Extracted data entries
-------------------------

(* Let $n\ge2$ and $m\ge2n$. Let $F:\mathbb{B}^n\to D^{IV}_m$ be a holomorphic isometry which is a rational map with $F(0)=0$ and $\deg(F)=1$. Then there is a real orthogonal matrix $O\in O(m,\mathbb{R})$ such that $F(z)=\big(\tfrac{\sqrt2}{2}z_1,\tfrac{\sqrt{-2}}{2}z_1,\dots,\tfrac{\sqrt2}{2}z_n,\tfrac{\sqrt{-2}}{2}z_n,0,\dots,0\big)\,O$ for all $z\in\mathbb{B}^n$.
   Context: $\mathbb{B}^n=\{z\in\mathbb{C}^n:|z|^2<1\}$; $D^{IV}_m=\{Z\in\mathbb{C}^m: Z\overline{Z}^t<2,\ 1-Z\overline{Z}^t+\tfrac14|ZZ^t|^2>0\}$ (row vectors). Bergman metric $\omega_\Omega=\sqrt{-1}\partial\bar\partial\log K_\Omega$ with $K_{\mathbb{B}^n}=c(1-|z|^2)^{-(n+1)}$, $K_{D^{IV}_m}=c'(1-Z\overline{Z}^t+\tfrac14|ZZ^t|^2)^{-m}$; $F$ is a holomorphic isometry if $F^*\omega_{D^{IV}_m}=\lambda\omega_{\mathbb{B}^n}$ for a constant $\lambda>0$. For a rational map $F=(P_1,\dots,P_m)/R$ in lowest terms, $\deg(F)=\max\{\deg P_1,\dots,\deg P_m,\deg R\}$. *)

theory Defs
  imports "HOL-Analysis.Analysis"
begin

text \<open>Points of C^N are represented as functions nat => complex; only the
coordinates 0..N-1 (i.e. z_1..z_N of the paper) are meaningful.\<close>

definition normsq :: "nat \<Rightarrow> (nat \<Rightarrow> complex) \<Rightarrow> real" where
  "normsq N z = (\<Sum>k<N. (cmod (z k))^2)"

-------------------------

Retype exactly the lines from the one containing "(nat \<Rightarrow> complex)" through the last line of the records above, including both.

→ Output for this task
definition normsq :: "nat \<Rightarrow> (nat \<Rightarrow> complex) \<Rightarrow> real" where
  "normsq N z = (\<Sum>k<N. (cmod (z k))^2)"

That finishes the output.